Another terrific verite glimpse of melting down while trying to make it in the entertainment world is Sacha Gervasi’s Anvil! The Story of Anvil (as seen at the SF Jewish Film Festival this past summer), about the Canadian metal band that’s stuck together for over 35 years despite commercial success being an eternal carrot-on-stick. Astonishing, considering that one gem in their hooky back-catalog is "Toe Jam" ("Down with her fishnets up with her skirt/Dig a little deeper till you hit paydirt"). A warts’n‘all portrait that’s nonetheless quite endearing, Anvil! is both Spinal Tap-funny and endearing in a root-for-the-little-guys-who-rawk way.

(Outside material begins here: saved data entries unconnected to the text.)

lemma infsum_tail_le:
  fixes z :: "'a \<Rightarrow> real"
  assumes "z summable_on UNIV" "\<delta> > 0"
  shows "\<exists>S. finite S \<and> infsum z (UNIV - S) \<le> \<delta>"
proof -
  obtain S where S: "finite S" "dist (sum z S) (infsum z UNIV) \<le> \<delta>"
    using infsum_finite_approximation[OF assms] by auto
  have "infsum z (UNIV - S) = infsum z UNIV - sum z S"
    using assms S by (subst infsum_Diff) auto
  then show ?thesis using S by (auto simp: dist_real_def)
qed

lemma infsum_tendsto_zero_if_tight:
  fixes a :: "nat \<Rightarrow> 'a \<Rightarrow> real"
  assumes nonneg: "\<And>n i. a n i \<ge> 0"
    and summable: "\<And>n. a n summable_on UNIV"
    and pointwise: "\<And>i. (\<lambda>n. a n i) \<longlonglongrightarrow> 0"
    and tight: "\<And>\<delta>. \<delta> > 0 \<Longrightarrow> \<exists>P. finite P \<and> (\<forall>\<^sub>F n in sequentially. infsum (a n) (UNIV - P) \<le> \<delta>)"
  shows "(\<lambda>n. infsum (a n) UNIV) \<longlonglongrightarrow> 0"
proof (rule tendstoI)
  fix r :: real assume "r > 0"
  then obtain P where P: "finite P" and tail: "\<forall>\<^sub>F n in sequentially. infsum (a n) (UNIV - P) \<le> r / 2"
    using tight[of "r / 2"] by auto
  have "(\<lambda>n. \<Sum>i\<in>P. a n i) \<longlonglongrightarrow> 0"
    by (intro tendsto_null_sum pointwise)
  then have head: "\<forall>\<^sub>F n in sequentially. (\<Sum>i\<in>P. a n i) < r / 2"
    using \<open>r > 0\<close> by (intro order_tendstoD(2)) auto
  show "\<forall>\<^sub>F n in sequentially. dist (infsum (a n) UNIV) 0 < r"
    using head tail
  proof eventually_elim
    case (elim n)
    have "infsum (a n) (UNIV - P) = infsum (a n) UNIV - sum (a n) P"
      using summable P by (subst infsum_Diff) auto
    moreover have "infsum (a n) UNIV \<ge> 0"
      using nonneg by (simp add: infsum_nonneg)
    ultimately show ?case using elim by simp
  qed
qed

There’s plenty of a more serious ilk in DocFest. Mishara Canino’s Chasing the Devil is a not-sympathetic if ultimately alarming look at the numerous "ex-gay ministries" nationwide that offer dubious "cures" to homosexuality. (An endtitle notes President Bush’s very recent affirmation of support for such enterprises.) Kurt Kuenne’s Dear Zachary: A Letter to a Son About His Father is the harrowing tale of Dr. Andrew Bagby, a much-beloved young Pennsylvania physician murdered by an unstable ex-girlfriend. How she eluded justice—and went on to commit an even more tragic, highly preventable crime—becomes the eventual focus of this film’s plea for stricter legal safeguards and enforcement.

Unpreviewed but likewise intriguing in forceful subject matter are Considering Democracy: 8 Things to Ask Your Representative, which visits ten countries to find out what people there really think about U.S. domestic and foreign policy; Neshoba, about the three Civil Rights activists slain in 1964 Mississippi whose suspected KKK murderers remain free, unprosecuted and unrepentant 40-plus years later; and The Linguists, about scientists frantically trying to document the thousands of languages around the world that are rapidly becoming extinct.

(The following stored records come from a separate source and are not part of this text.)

(* If $0\leq\alpha<1$ and $\beta\geq2$, then $T_{\alpha,\beta}$ is transitive.
   Context: $T_{\alpha,\beta}\colon[0,1]\to[0,1]$ is given by $T_{\alpha,\beta}(x)=\beta x+\alpha-\lfloor\beta x+\alpha\rfloor$ for $x\in[0,1)$ and $T_{\alpha,\beta}(1)=\lim_{x\nearrow1}T_{\alpha,\beta}(x)$. A map $T\colon[0,1]\to[0,1]$ is transitive if there is $x\in[0,1]$ whose forward orbit $\{T^n(x)\colon n\geq0\}$ is dense in $[0,1]$. *)

theory Defs
  imports "HOL-Analysis.Analysis"
begin

definition T_ab :: "real \<Rightarrow> real \<Rightarrow> real \<Rightarrow> real" where
  "T_ab \<alpha> \<beta> x =
     (if x = 1 then Lim (at_left 1) (\<lambda>y. \<beta> * y + \<alpha> - of_int \<lfloor>\<beta> * y + \<alpha>\<rfloor>)
      else \<beta> * x + \<alpha> - of_int \<lfloor>\<beta> * x + \<alpha>\<rfloor>)"

definition transitive_on_unit :: "(real \<Rightarrow> real) \<Rightarrow> bool" where
  "transitive_on_unit T \<longleftrightarrow>
     (\<exists>x\<in>{0..1}. {0..1} \<subseteq> closure {(T ^^ n) x | n. True})"

end

(*
  On [0,1[ the map is x \<mapsto> frac (\<beta> x + \<alpha>), so on an interval avoiding the discontinuities
  of T^n the iterate T^n is affine of slope \<beta>^n.  Follow such an affine branch inside a given
  interval J: applying T once more, either the image wraps around the whole circle, so that an
  iterate maps a subinterval of J onto [0,1[, or the image meets at most two unit cells and the
  larger part gives a new branch whose image is at least \<beta>/2 times as long.  Images of branches
  have length at most 1, so for \<beta> > 2 the first alternative must occur; for \<beta> = 2 it is read
  off from T^n x = frac (2^n x + (2^n - 1) \<alpha>).  Thus some iterate maps a subinterval of every
  interval into every other interval.  So the points having a neighbourhood mapped by some
  iterate into a given rational interval form open dense sets, and a point in all of them,
  which exists by Baire's theorem, has a dense orbit.
*)
theory Submission
  imports Defs
begin

lemma T_ab_eq_frac: "x \<noteq> 1 \<Longrightarrow> T_ab \<alpha> \<beta> x = frac (\<beta> * x + \<alpha>)"
  by (simp add: T_ab_def frac_def)

lemma T_ab_iterate_in_unit: "x \<in> {0..<1} \<Longrightarrow> (T_ab \<alpha> \<beta> ^^ n) x \<in> {0..<1}"
  by (induction n) (auto simp: T_ab_eq_frac frac_lt_1)

lemma T_ab_2_iterate:
  assumes "x \<in> {0..<1}"
  shows "(T_ab \<alpha> 2 ^^ n) x = frac (2^n * x + (2^n - 1) * \<alpha>)"
proof (induction n)
  case 0
  show ?case
    using assms by (simp add: frac_eq)
next
  case (Suc n)
  define y where "y = 2^n * x + (2^n - 1) * \<alpha>"
  have "(T_ab \<alpha> 2 ^^ Suc n) x = frac (2 * frac y + \<alpha>)"
    using Suc T_ab_iterate_in_unit[OF assms, where \<alpha>=\<alpha> and \<beta>=2 and n=n]
    by (simp add: T_ab_eq_frac y_def)
  also have "2 * frac y + \<alpha> = (2 * y + \<alpha>) + of_int (- 2 * \<lfloor>y\<rfloor>)"
    by (simp add: frac_def algebra_simps)
  also have "frac \<dots> = frac (2 * y + \<alpha>)"
    by (rule frac_add_of_int_right)
  also have "2 * y + \<alpha> = 2^Suc n * x + (2^Suc n - 1) * \<alpha>"
    by (simp add: y_def algebra_simps)
  finally show ?case .
qed

lemma frac_affine_restrict_to_cell:
  fixes f :: "real \<Rightarrow> real"
  assumes "L > 0" and f: "\<forall>x\<in>{p<..<q}. f x = frac (c + L * (x - p))"
    and "c \<le> y\<^sub>1" "y\<^sub>1 < y\<^sub>2" "y\<^sub>2 \<le> c + L * (q - p)"
    and cell: "\<forall>y\<in>{y\<^sub>1<..<y\<^sub>2}. \<lfloor>y\<rfloor> = k"
  obtains p' q' where "p \<le> p'" "p' < q'" "q' \<le> q" "L * (q' - p') = y\<^sub>2 - y\<^sub>1"
    "\<forall>x\<in>{p'<..<q'}. f x = y\<^sub>1 - of_int k + L * (x - p')"
proof
  define p' where "p' = p + (y\<^sub>1 - c) / L"
  define q' where "q' = p + (y\<^sub>2 - c) / L"
  show "p \<le> p'" "p' < q'" "q' \<le> q" "L * (q' - p') = y\<^sub>2 - y\<^sub>1"
    using assms by (auto simp: p'_def q'_def field_simps)
  show "\<forall>x\<in>{p'<..<q'}. f x = y\<^sub>1 - of_int k + L * (x - p')"
  proof
    fix x assume x: "x \<in> {p'<..<q'}"
    have lift: "c + L * (x - p) = y\<^sub>1 + L * (x - p')"
      using \<open>L > 0\<close> by (simp add: p'_def field_simps)
    have "c + L * (x - p) \<in> {y\<^sub>1<..<y\<^sub>2}"
      using x \<open>L > 0\<close> by (auto simp: p'_def q'_def field_simps)
    moreover have "x \<in> {p<..<q}"
      using x \<open>p \<le> p'\<close> \<open>q' \<le> q\<close> by auto
    ultimately show "f x = y\<^sub>1 - of_int k + L * (x - p')"
      using f cell lift by (simp add: frac_def)
  qed
qed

Heroic and/or eccentric individuals portraitized at DocFest include South Philly epic-mosaic artist Isaiah Zagar (In a Dream), famed 1960s lefty defense attorney Charles R. Garry (The People’s Advocate), Ugandan child soldier turned boxing champ Kassim Oumaborn (Kassim the Dream), fabled post-WW2 Manhattan restauranteur and quipster Toots Shor (Toots), Beijing Olympics stadium architects Jacques Herzog and Pierre de Meuron (Bird’s Nest), "Project Runway"-winning fashion designer Jay McCarroll (Eleven Minutes) and Spanish bricklayer turned nonviolent anarchist supreme Lucio Uturbia (Lucio).

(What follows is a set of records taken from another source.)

lemma maxplus_hull_subset_PK_liminf:
  fixes A :: "(ereal ^ 'n) set"
  assumes A: "finite A" "\<forall>x\<in>A. \<forall>i. x $ i \<noteq> \<infinity>"
    and \<alpha>: "\<And>k. \<alpha> k > 0" "filterlim \<alpha> at_top sequentially"
  shows "maxplus_hull A \<subseteq> PK_liminf (\<lambda>k. sigma_hull (\<alpha> k) A)"
proof
  fix p assume "p \<in> maxplus_hull A"
  then obtain t where p: "p = (\<chi> i. SUP x\<in>A. t x + x $ i)"
    and t: "\<forall>x\<in>A. t x \<noteq> \<infinity>" and t0: "(SUP x\<in>A. t x) = 0"
    unfolding maxplus_hull_def by blast
  have ti: "\<forall>x\<in>A. t x + x $ i \<noteq> \<infinity>" for i
    using t A(2) by auto
  define c where "c k = real_of_ereal (log_sum_exp (\<alpha> k) A t)" for k
  have c: "log_sum_exp (\<alpha> k) A t = ereal (c k)" for k
    using log_sum_exp_bounds[OF \<alpha>(1) A(1) t, of k] t0 unfolding c_def
    by (cases "log_sum_exp (\<alpha> k) A t") auto
  define q where "q k = (\<chi> i. log_sum_exp (\<alpha> k) A (\<lambda>x. t x + x $ i) - ereal (c k))" for k
  have "q k \<in> sigma_hull (\<alpha> k) A" for k
  proof -
    have "\<forall>x\<in>A. t x - ereal (c k) \<in> M_alpha (\<alpha> k)"
      using t \<alpha>(1) by (auto simp: M_alpha_def ereal_minus_eq_PInfty_iff)
    moreover have "log_sum_exp (\<alpha> k) A (\<lambda>x. t x - ereal (c k)) = 0"
      using log_sum_exp_diff_ereal[OF \<alpha>(1) t] c by simp
    moreover have "q k = (\<chi> i. log_sum_exp (\<alpha> k) A (\<lambda>x. (t x - ereal (c k)) + x $ i))"
      using log_sum_exp_diff_ereal[OF \<alpha>(1) ti, symmetric]
      by (simp add: q_def add_diff_eq_ereal add.commute)
    ultimately show ?thesis
      unfolding sigma_hull_eq_log_sum_exp by (intro CollectI exI[of _ "\<lambda>x. t x - ereal (c k)"]) simp
  qed
  moreover have "q \<longlonglongrightarrow> p"
  proof (rule vec_tendstoI)
    fix i
    have "(\<lambda>k. log_sum_exp (\<alpha> k) A (\<lambda>x. t x + x $ i)) \<longlonglongrightarrow> p $ i"
      unfolding p using tendsto_log_sum_exp_SUP[OF \<alpha> A(1) ti] by simp
    moreover have "(\<lambda>k. ereal (c k)) \<longlonglongrightarrow> 0"
      using tendsto_log_sum_exp_SUP[OF \<alpha> A(1) t, of "\<lambda>x. t x"] t0 c by simp
    ultimately show "(\<lambda>k. q k $ i) \<longlonglongrightarrow> p $ i"
      unfolding q_def using tendsto_diff_ereal_general[of _ "p $ i" _ _ 0] by simp
  qed
  ultimately show "p \<in> PK_liminf (\<lambda>k. sigma_hull (\<alpha> k) A)"
    unfolding PK_liminf_def by blast
qed

lemma PK_limsup_subset_maxplus_hull:
  fixes A :: "(ereal ^ 'n) set"
  assumes A: "finite A" "\<forall>x\<in>A. \<forall>i. x $ i \<noteq> \<infinity>"
    and \<alpha>: "\<And>k. \<alpha> k > 0" "filterlim \<alpha> at_top sequentially"
  shows "PK_limsup (\<lambda>k. sigma_hull (\<alpha> k) A) \<subseteq> maxplus_hull A"
proof
  fix p assume "p \<in> PK_limsup (\<lambda>k. sigma_hull (\<alpha> k) A)"
  then obtain r q where r: "strict_mono r" and q: "\<forall>j. q j \<in> sigma_hull (\<alpha> (r j)) A"
    and "q \<longlonglongrightarrow> p"
    unfolding PK_limsup_def by blast
  have "\<forall>j. \<exists>t. q j = (\<chi> i. log_sum_exp (\<alpha> (r j)) A (\<lambda>x. t x + x $ i)) \<and>
      (\<forall>x\<in>A. t x \<in> M_alpha (\<alpha> (r j))) \<and> log_sum_exp (\<alpha> (r j)) A t = 0"
    using q unfolding sigma_hull_eq_log_sum_exp by blast
  then obtain t where q_eq: "\<And>j. q j = (\<chi> i. log_sum_exp (\<alpha> (r j)) A (\<lambda>x. t j x + x $ i))"
    and tM: "\<And>j. \<forall>x\<in>A. t j x \<in> M_alpha (\<alpha> (r j))"
    and t0: "\<And>j. log_sum_exp (\<alpha> (r j)) A (t j) = 0"
    by metis
  have t_fin: "\<forall>x\<in>A. t j x \<noteq> \<infinity>" for j
    using tM \<alpha>(1) by (auto simp: M_alpha_def)
  have t_le: "t j x \<le> 0" if "x \<in> A" for j x
    using log_sum_exp_bounds(1)[OF \<alpha>(1)[of "r j"] A(1) t_fin[of j]] t0 SUP_upper[OF that, of "t j"]
    by simp
  obtain r' T where r': "strict_mono r'" and T: "\<forall>x\<in>A. (\<lambda>j. t (r' j) x) \<longlonglongrightarrow> T x"
    using convergent_subseq_finite_family[OF A(1), of t] by blast
  have T_le: "T x \<le> 0" if "x \<in> A" for x
    by (rule LIMSEQ_le_const2[OF T[rule_format, OF that]]) (use t_le that in auto)
  define \<beta> where "\<beta> = (\<lambda>j. \<alpha> (r (r' j)))"
  have \<beta>: "\<And>j. \<beta> j > 0" "filterlim \<beta> at_top sequentially"
    using \<alpha> filterlim_compose[OF \<alpha>(2) filterlim_subseq[OF strict_mono_o[OF r r']]]
    unfolding \<beta>_def by (auto simp: o_def)
  have "(\<lambda>j. log_sum_exp (\<beta> j) A (t (r' j))) \<longlonglongrightarrow> (SUP x\<in>A. T x)"
    using T by (intro tendsto_log_sum_exp_SUP[OF \<beta> A(1) t_fin]) auto
  then have T0: "(SUP x\<in>A. T x) = 0"
    using t0 by (simp add: \<beta>_def LIMSEQ_const_iff)
  have "p $ i = (SUP x\<in>A. T x + x $ i)" for i
  proof (rule LIMSEQ_unique)
    show "(\<lambda>j. q (r' j) $ i) \<longlonglongrightarrow> p $ i"
      using tendsto_vec_nth[OF LIMSEQ_subseq_LIMSEQ[OF \<open>q \<longlonglongrightarrow> p\<close> r']] by (simp add: o_def)
    have "\<forall>x\<in>A. (\<lambda>j. t (r' j) x + x $ i) \<longlonglongrightarrow> T x + x $ i"
      using T T_le A(2) by (force intro!: tendsto_add_ereal_general)
    then have "(\<lambda>j. log_sum_exp (\<beta> j) A (\<lambda>x. t (r' j) x + x $ i))
        \<longlonglongrightarrow> (SUP x\<in>A. T x + x $ i)"
      using t_fin A(2) by (intro tendsto_log_sum_exp_SUP[OF \<beta> A(1)]) auto
    then show "(\<lambda>j. q (r' j) $ i) \<longlonglongrightarrow> (SUP x\<in>A. T x + x $ i)"
      by (simp add: q_eq \<beta>_def)
  qed
  then have "p = (\<chi> i. SUP x\<in>A. T x + x $ i)"
    by (simp add: vec_eq_iff)
  then show "p \<in> maxplus_hull A"
    unfolding maxplus_hull_def using T0 T_le by (intro CollectI exI[of _ T]) force
qed

lemma PK_liminf_subset_PK_limsup: "PK_liminf E \<subseteq> PK_limsup E"
  unfolding PK_liminf_def PK_limsup_def using strict_mono_id by fastforce

lemma PK_limit_sigma_hull_maxplus_hull:
  fixes A :: "(ereal ^ 'n) set"
  assumes "finite A" "\<forall>x\<in>A. \<forall>i. x $ i \<noteq> \<infinity>" "\<And>k. \<alpha> k > 0" "filterlim \<alpha> at_top sequentially"
  shows "PK_limit (\<lambda>k. sigma_hull (\<alpha> k) A) (maxplus_hull A)"
  using maxplus_hull_subset_PK_liminf[OF assms] PK_limsup_subset_maxplus_hull[OF assms]
    PK_liminf_subset_PK_limsup[of "\<lambda>k. sigma_hull (\<alpha> k) A"]
  unfolding PK_limit_def by blast

lemma PK_liminf_image_involution:
  assumes "\<And>q p. q \<longlonglongrightarrow> p \<Longrightarrow> (\<lambda>n. f (q n)) \<longlonglongrightarrow> f p" "\<And>x. f (f x) = x"
  shows "PK_liminf (\<lambda>k. f ` E k) = f ` PK_liminf E"
proof -
  have sub: "PK_liminf (\<lambda>k. f ` E k) \<subseteq> f ` PK_liminf E" for E
  proof
    fix p assume "p \<in> PK_liminf (\<lambda>k. f ` E k)"
    then obtain q where "\<forall>n. q n \<in> f ` E n" "q \<longlonglongrightarrow> p"
      unfolding PK_liminf_def by blast
    then have "\<forall>n. f (q n) \<in> E n" "(\<lambda>n. f (q n)) \<longlonglongrightarrow> f p"
      using assms by (metis imageE)+
    then have "f p \<in> PK_liminf E"
      unfolding PK_liminf_def by (intro CollectI exI[of _ "\<lambda>n. f (q n)"]) simp
    then show "p \<in> f ` PK_liminf E"
      using assms(2) by (metis image_eqI)
  qed
  have "PK_liminf E \<subseteq> f ` PK_liminf (\<lambda>k. f ` E k)"
    using sub[of "\<lambda>k. f ` E k"] assms(2) by (simp add: image_image)
  then have "f ` PK_liminf E \<subseteq> PK_liminf (\<lambda>k. f ` E k)"
    using assms(2) by (auto simp: image_image)
  with sub show ?thesis by blast
qed

lemma PK_limsup_image_involution:
  assumes "\<And>q p. q \<longlonglongrightarrow> p \<Longrightarrow> (\<lambda>n. f (q n)) \<longlonglongrightarrow> f p" "\<And>x. f (f x) = x"
  shows "PK_limsup (\<lambda>k. f ` E k) = f ` PK_limsup E"
proof -
  have sub: "PK_limsup (\<lambda>k. f ` E k) \<subseteq> f ` PK_limsup E" for E
  proof
    fix p assume "p \<in> PK_limsup (\<lambda>k. f ` E k)"
    then obtain r q where "strict_mono r" "\<forall>n. q n \<in> f ` E (r n)" "q \<longlonglongrightarrow> p"
      unfolding PK_limsup_def by blast
    then have "strict_mono r" "\<forall>n. f (q n) \<in> E (r n)" "(\<lambda>n. f (q n)) \<longlonglongrightarrow> f p"
      using assms by (metis imageE)+
    then have "f p \<in> PK_limsup E"
      unfolding PK_limsup_def by (intro CollectI exI[of _ r] exI[of _ "\<lambda>n. f (q n)"]) simp
    then show "p \<in> f ` PK_limsup E"
      using assms(2) by (metis image_eqI)
  qed
  have "PK_limsup E \<subseteq> f ` PK_limsup (\<lambda>k. f ` E k)"
    using sub[of "\<lambda>k. f ` E k"] assms(2) by (simp add: image_image)
  then have "f ` PK_limsup E \<subseteq> PK_limsup (\<lambda>k. f ` E k)"
    using assms(2) by (auto simp: image_image)
  with sub show ?thesis by blast
qed

lemma uminus_uminus_vec_ereal [simp]: "- (- x) = (x :: ereal ^ 'n)"
  by (simp add: vec_eq_iff)

lemma tendsto_uminus_vec_ereal:
  fixes q :: "_ \<Rightarrow> ereal ^ 'n"
  shows "(q \<longlongrightarrow> p) F \<Longrightarrow> ((\<lambda>n. - q n) \<longlongrightarrow> - p) F"
  by (intro vec_tendstoI) (auto intro: tendsto_uminus_ereal tendsto_vec_nth)

lemma uminus_in_M_alpha: "\<alpha> \<noteq> 0 \<Longrightarrow> a \<in> M_alpha \<alpha> \<Longrightarrow> - a \<in> M_alpha (- \<alpha>)"
  by (cases a) (auto simp: M_alpha_def split: if_splits)

lemma uminus_add_M_alpha: "a \<in> M_alpha \<alpha> \<Longrightarrow> b \<in> M_alpha \<alpha> \<Longrightarrow> - (a + b) = - a + - b"
  by (cases a; cases b) (auto simp: M_alpha_def split: if_splits)

lemma inj_uminus_vec_ereal: "inj_on (uminus :: ereal ^ 'n \<Rightarrow> _) A"
  by (metis inj_onI uminus_uminus_vec_ereal)

lemma sigma_hull_subset_uminus:
  fixes A :: "(ereal ^ 'n) set"
  assumes \<alpha>: "\<alpha> \<noteq> 0" and A: "\<forall>x\<in>A. \<forall>i. x $ i \<in> M_alpha \<alpha>"
  shows "sigma_hull \<alpha> A \<subseteq> uminus ` sigma_hull (- \<alpha>) (uminus ` A)"
proof
  fix p assume "p \<in> sigma_hull \<alpha> A"
  then obtain t where p: "p = (\<chi> i. log_sum_exp \<alpha> A (\<lambda>x. t x + x $ i))"
    and tM: "\<forall>x\<in>A. t x \<in> M_alpha \<alpha>" and t0: "log_sum_exp \<alpha> A t = 0"
    unfolding sigma_hull_eq_log_sum_exp by blast
  define s where "s y = - t (- y)" for y
  have "log_sum_exp (- \<alpha>) (uminus ` A) (\<lambda>y. s y + y $ i) = - log_sum_exp \<alpha> A (\<lambda>x. t x + x $ i)" for i
  proof -
    have neg_add: "\<forall>x\<in>A. - t x + - (x $ i) = - (t x + x $ i)"
      using tM A by (metis uminus_add_M_alpha)
    have "log_sum_exp (- \<alpha>) (uminus ` A) (\<lambda>y. s y + y $ i)
        = log_sum_exp (- \<alpha>) A (\<lambda>x. s (- x) + (- x) $ i)"
      by (rule log_sum_exp_image[OF inj_uminus_vec_ereal])
    also have "\<dots> = log_sum_exp (- \<alpha>) A (\<lambda>x. - (t x + x $ i))"
      using neg_add by (intro log_sum_exp_cong) (simp add: s_def)
    also have "\<dots> = - log_sum_exp \<alpha> A (\<lambda>x. t x + x $ i)"
      using log_sum_exp_uminus[of \<alpha> A "\<lambda>x. t x + x $ i"] by simp
    finally show ?thesis .
  qed
  then have "p = - (\<chi> i. log_sum_exp (- \<alpha>) (uminus ` A) (\<lambda>y. s y + y $ i))"
    by (simp add: p vec_eq_iff)
  moreover have "log_sum_exp (- \<alpha>) (uminus ` A) s = 0"
    using log_sum_exp_uminus[of \<alpha> A t] t0
    by (simp add: log_sum_exp_image[OF inj_uminus_vec_ereal] s_def)
  moreover have "\<forall>y\<in>uminus ` A. s y \<in> M_alpha (- \<alpha>)"
    using tM \<alpha> by (auto simp: s_def uminus_in_M_alpha)
  ultimately show "p \<in> uminus ` sigma_hull (- \<alpha>) (uminus ` A)"
    unfolding sigma_hull_eq_log_sum_exp by blast
qed

lemma sigma_hull_eq_uminus:
  fixes A :: "(ereal ^ 'n) set"
  assumes \<alpha>: "\<alpha> \<noteq> 0" and A: "\<forall>x\<in>A. \<forall>i. x $ i \<in> M_alpha \<alpha>"
  shows "sigma_hull \<alpha> A = uminus ` sigma_hull (- \<alpha>) (uminus ` A)"
proof
  show "sigma_hull \<alpha> A \<subseteq> uminus ` sigma_hull (- \<alpha>) (uminus ` A)"
    using assms by (rule sigma_hull_subset_uminus)
  have "\<forall>y\<in>uminus ` A. \<forall>i. y $ i \<in> M_alpha (- \<alpha>)"
    using A \<alpha> by (auto simp: uminus_in_M_alpha)
  then have "sigma_hull (- \<alpha>) (uminus ` A) \<subseteq> uminus ` sigma_hull \<alpha> A"
    using sigma_hull_subset_uminus[of "- \<alpha>" "uminus ` A"] \<alpha> by (simp add: image_image)
  then show "uminus ` sigma_hull (- \<alpha>) (uminus ` A) \<subseteq> sigma_hull \<alpha> A"
    by (auto simp: image_image)
qed

lemma ereal_INF_add_eq_uminus_SUP:
  fixes t u :: "'a \<Rightarrow> ereal"
  assumes "\<forall>x\<in>A. t x \<noteq> -\<infinity> \<and> u x \<noteq> -\<infinity>"
  shows "(INF x\<in>A. t x + u x) = - (SUP x\<in>A. - t x + - u x)"
proof -
  have "\<forall>x\<in>A. t x + u x = - (- t x + - u x)"
  proof
    fix x assume "x \<in> A"
    then show "t x + u x = - (- t x + - u x)"
      using assms by (cases "t x"; cases "u x") auto
  qed
  then show ?thesis
    by (simp add: ereal_INF_uminus_eq[symmetric] cong: INF_cong)
qed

There’s particular Bay Area interest in Kristy Guevara-Flanagan and awn Valadez’s Going on 13, which charts four local girls through four years of modern American adolescence. Likewise John Law and Fletcher Feudujon’s Head Trip, which follows a busload of Burning Man types (dragging a flatbed of three Doggie Diner heads) across the United States just post-9/11. At an anxiously flag-waving moment in time, they ponder whether it’s still OK to fly the freak flag.

Things kick off this Friday with official opener Chelsea on the Rocks, a first documentary feature by the ever-edgy Abel (Bad Lieutenant) Ferrara. Moving in to NYC’s notorious Chelsea Hotel to get a better grip on its boho legend, he interviews a line-up of still-breathing sometime residents (Robert Crumb, Dennis Hopper, Ethan Hawke), while archival footage recalls its variously druggy, drag-clad and or just plain fabulous past visitors: Janis Joplin, Lance Loud, Andy Warhol, William Burroughs, Quentin Crisp, Sid Vicious, Jerry Garcia….Reading that list alone is almost enough to make you pass out and require emergency resuscitation, isn’t it?